[[ Supplied records open ]]
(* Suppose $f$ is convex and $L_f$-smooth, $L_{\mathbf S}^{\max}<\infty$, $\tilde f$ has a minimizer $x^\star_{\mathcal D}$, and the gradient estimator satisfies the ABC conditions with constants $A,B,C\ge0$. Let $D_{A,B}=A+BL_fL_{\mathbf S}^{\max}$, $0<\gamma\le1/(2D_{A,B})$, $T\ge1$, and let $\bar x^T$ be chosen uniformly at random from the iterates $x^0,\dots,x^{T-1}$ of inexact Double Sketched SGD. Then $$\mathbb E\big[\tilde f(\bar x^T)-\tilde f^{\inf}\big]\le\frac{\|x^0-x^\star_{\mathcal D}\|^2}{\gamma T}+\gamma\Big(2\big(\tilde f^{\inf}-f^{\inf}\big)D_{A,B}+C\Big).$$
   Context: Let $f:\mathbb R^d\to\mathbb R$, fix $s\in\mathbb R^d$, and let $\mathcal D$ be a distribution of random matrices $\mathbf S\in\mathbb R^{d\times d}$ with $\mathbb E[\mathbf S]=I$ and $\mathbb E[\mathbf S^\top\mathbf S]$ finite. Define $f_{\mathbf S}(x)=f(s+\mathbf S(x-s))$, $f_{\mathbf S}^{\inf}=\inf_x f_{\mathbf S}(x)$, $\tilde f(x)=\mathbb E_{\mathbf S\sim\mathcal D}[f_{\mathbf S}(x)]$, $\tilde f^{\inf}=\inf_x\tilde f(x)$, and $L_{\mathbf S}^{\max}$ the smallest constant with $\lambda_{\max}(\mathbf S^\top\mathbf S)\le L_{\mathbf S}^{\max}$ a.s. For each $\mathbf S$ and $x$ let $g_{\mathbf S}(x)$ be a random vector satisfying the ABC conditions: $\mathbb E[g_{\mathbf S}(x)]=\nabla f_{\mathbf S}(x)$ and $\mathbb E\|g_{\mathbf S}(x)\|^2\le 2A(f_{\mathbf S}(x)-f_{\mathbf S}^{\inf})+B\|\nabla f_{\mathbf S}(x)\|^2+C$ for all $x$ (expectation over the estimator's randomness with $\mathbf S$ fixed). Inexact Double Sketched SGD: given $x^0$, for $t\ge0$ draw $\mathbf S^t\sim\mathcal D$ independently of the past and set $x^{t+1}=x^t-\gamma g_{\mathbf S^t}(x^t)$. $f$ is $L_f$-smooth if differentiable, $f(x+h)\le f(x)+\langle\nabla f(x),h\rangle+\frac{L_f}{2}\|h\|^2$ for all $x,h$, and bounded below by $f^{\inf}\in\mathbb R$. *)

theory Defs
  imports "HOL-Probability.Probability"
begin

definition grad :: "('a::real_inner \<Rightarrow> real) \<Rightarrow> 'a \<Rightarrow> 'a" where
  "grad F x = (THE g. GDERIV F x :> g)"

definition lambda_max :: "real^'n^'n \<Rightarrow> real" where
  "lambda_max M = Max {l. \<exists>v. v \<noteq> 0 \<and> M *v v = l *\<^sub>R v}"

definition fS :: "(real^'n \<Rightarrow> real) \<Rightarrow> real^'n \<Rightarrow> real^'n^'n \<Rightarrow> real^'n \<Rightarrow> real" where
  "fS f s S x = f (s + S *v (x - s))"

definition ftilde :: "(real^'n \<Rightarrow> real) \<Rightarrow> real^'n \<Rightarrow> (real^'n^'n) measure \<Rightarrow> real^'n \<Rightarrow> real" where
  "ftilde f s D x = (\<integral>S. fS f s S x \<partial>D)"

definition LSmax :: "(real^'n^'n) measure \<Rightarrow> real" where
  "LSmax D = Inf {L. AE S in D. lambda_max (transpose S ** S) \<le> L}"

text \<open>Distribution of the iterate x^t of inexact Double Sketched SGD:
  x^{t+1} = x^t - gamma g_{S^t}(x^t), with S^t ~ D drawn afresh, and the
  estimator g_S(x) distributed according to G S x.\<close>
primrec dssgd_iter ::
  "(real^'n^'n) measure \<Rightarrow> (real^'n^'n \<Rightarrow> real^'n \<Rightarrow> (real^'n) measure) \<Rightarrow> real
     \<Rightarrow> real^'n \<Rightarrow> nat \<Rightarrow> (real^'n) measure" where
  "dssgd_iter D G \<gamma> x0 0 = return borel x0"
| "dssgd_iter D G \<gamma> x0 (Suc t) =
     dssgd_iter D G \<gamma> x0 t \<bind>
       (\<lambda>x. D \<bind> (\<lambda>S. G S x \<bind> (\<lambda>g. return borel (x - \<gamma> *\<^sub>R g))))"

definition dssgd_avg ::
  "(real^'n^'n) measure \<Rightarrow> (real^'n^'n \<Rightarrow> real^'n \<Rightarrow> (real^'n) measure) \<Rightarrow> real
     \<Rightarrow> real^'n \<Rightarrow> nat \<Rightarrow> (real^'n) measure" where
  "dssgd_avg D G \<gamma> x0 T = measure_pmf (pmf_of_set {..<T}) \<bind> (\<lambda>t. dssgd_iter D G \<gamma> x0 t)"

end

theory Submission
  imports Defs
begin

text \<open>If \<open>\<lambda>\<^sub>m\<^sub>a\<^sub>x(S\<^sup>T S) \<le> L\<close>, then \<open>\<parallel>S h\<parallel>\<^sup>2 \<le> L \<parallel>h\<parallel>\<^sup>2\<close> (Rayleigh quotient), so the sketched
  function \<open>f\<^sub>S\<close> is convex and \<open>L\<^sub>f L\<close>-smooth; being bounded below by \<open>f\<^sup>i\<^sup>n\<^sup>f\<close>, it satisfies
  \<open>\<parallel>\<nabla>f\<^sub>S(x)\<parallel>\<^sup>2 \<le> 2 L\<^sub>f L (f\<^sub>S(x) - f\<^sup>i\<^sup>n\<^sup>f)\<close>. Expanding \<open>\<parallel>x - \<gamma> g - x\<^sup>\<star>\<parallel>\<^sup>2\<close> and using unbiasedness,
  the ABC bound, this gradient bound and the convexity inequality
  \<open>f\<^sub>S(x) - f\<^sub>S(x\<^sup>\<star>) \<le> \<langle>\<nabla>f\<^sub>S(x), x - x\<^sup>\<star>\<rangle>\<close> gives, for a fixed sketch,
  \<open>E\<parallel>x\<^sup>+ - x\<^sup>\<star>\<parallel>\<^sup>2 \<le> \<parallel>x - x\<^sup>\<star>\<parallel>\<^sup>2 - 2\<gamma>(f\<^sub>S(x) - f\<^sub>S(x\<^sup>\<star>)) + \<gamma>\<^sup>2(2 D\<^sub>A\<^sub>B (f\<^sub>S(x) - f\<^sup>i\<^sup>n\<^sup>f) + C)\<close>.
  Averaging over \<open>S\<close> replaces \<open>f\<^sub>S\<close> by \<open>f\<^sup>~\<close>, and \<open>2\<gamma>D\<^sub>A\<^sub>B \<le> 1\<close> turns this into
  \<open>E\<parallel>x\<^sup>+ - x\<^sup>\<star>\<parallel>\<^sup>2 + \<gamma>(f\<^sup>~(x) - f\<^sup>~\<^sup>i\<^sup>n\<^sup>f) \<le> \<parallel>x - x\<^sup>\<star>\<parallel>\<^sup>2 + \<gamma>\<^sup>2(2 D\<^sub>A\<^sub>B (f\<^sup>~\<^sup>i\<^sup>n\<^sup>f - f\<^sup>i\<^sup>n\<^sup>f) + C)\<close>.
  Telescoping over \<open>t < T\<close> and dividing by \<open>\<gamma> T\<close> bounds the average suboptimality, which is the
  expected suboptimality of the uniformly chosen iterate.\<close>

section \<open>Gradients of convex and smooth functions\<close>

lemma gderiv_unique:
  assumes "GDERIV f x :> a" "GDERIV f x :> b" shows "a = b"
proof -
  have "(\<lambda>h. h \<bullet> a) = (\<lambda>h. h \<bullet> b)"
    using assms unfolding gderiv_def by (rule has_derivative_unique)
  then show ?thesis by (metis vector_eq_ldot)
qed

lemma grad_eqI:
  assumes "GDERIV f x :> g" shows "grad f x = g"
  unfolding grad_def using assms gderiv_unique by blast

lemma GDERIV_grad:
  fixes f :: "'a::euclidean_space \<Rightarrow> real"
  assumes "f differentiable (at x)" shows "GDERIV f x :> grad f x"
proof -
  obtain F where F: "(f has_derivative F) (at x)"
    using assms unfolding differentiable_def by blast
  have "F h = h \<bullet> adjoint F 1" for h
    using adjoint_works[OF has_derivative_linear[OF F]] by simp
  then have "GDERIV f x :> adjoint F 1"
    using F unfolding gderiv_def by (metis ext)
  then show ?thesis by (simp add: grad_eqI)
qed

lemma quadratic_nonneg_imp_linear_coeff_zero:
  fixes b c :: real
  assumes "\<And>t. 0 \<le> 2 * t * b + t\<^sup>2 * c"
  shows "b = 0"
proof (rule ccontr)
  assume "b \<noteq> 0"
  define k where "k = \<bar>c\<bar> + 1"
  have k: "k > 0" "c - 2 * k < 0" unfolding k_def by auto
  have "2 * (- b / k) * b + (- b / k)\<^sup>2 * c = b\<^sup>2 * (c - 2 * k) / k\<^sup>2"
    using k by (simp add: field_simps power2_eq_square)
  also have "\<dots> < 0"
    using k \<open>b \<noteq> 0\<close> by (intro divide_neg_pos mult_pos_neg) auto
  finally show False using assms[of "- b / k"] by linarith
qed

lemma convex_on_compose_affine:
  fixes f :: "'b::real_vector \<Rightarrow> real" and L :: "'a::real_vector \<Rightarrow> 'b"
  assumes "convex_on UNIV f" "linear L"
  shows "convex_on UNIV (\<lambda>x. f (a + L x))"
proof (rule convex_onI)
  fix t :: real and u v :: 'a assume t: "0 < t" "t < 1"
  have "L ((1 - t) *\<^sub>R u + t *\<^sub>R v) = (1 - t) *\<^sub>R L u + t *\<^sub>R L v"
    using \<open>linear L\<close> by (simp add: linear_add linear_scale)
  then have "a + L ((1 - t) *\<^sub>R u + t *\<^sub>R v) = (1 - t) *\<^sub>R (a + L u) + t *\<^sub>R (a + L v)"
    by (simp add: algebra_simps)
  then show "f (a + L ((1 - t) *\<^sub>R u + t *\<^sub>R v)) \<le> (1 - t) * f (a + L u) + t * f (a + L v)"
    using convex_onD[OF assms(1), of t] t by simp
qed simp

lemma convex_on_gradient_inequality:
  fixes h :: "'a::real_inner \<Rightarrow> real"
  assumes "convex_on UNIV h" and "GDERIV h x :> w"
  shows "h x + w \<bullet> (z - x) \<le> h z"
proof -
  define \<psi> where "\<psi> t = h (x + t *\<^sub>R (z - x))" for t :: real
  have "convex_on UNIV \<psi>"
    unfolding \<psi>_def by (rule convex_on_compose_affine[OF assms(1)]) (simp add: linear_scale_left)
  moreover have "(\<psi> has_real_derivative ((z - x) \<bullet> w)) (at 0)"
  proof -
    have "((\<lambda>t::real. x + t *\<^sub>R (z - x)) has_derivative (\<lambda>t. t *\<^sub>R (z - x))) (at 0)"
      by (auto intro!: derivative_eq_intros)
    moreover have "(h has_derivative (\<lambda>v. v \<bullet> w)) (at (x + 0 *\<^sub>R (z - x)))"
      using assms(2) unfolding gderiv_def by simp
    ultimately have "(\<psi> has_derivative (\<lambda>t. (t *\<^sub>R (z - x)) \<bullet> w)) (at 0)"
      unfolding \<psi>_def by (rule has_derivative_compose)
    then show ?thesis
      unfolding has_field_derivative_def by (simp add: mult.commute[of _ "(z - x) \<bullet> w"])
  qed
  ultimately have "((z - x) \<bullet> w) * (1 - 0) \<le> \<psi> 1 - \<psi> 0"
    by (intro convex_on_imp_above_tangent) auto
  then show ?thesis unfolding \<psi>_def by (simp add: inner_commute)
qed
[[ Supplied records closed ]]
**Problem requirements:**
Using the records above, copy word for word the line with "2 L\<^sub>f L", the line with "the ABC bound, this", and every line between them.

**Response below:**
  \<open>\<parallel>\<nabla>f\<^sub>S(x)\<parallel>\<^sup>2 \<le> 2 L\<^sub>f L (f\<^sub>S(x) - f\<^sup>i\<^sup>n\<^sup>f)\<close>. Expanding \<open>\<parallel>x - \<gamma> g - x\<^sup>\<star>\<parallel>\<^sup>2\<close> and using unbiasedness,
  the ABC bound, this gradient bound and the convexity inequality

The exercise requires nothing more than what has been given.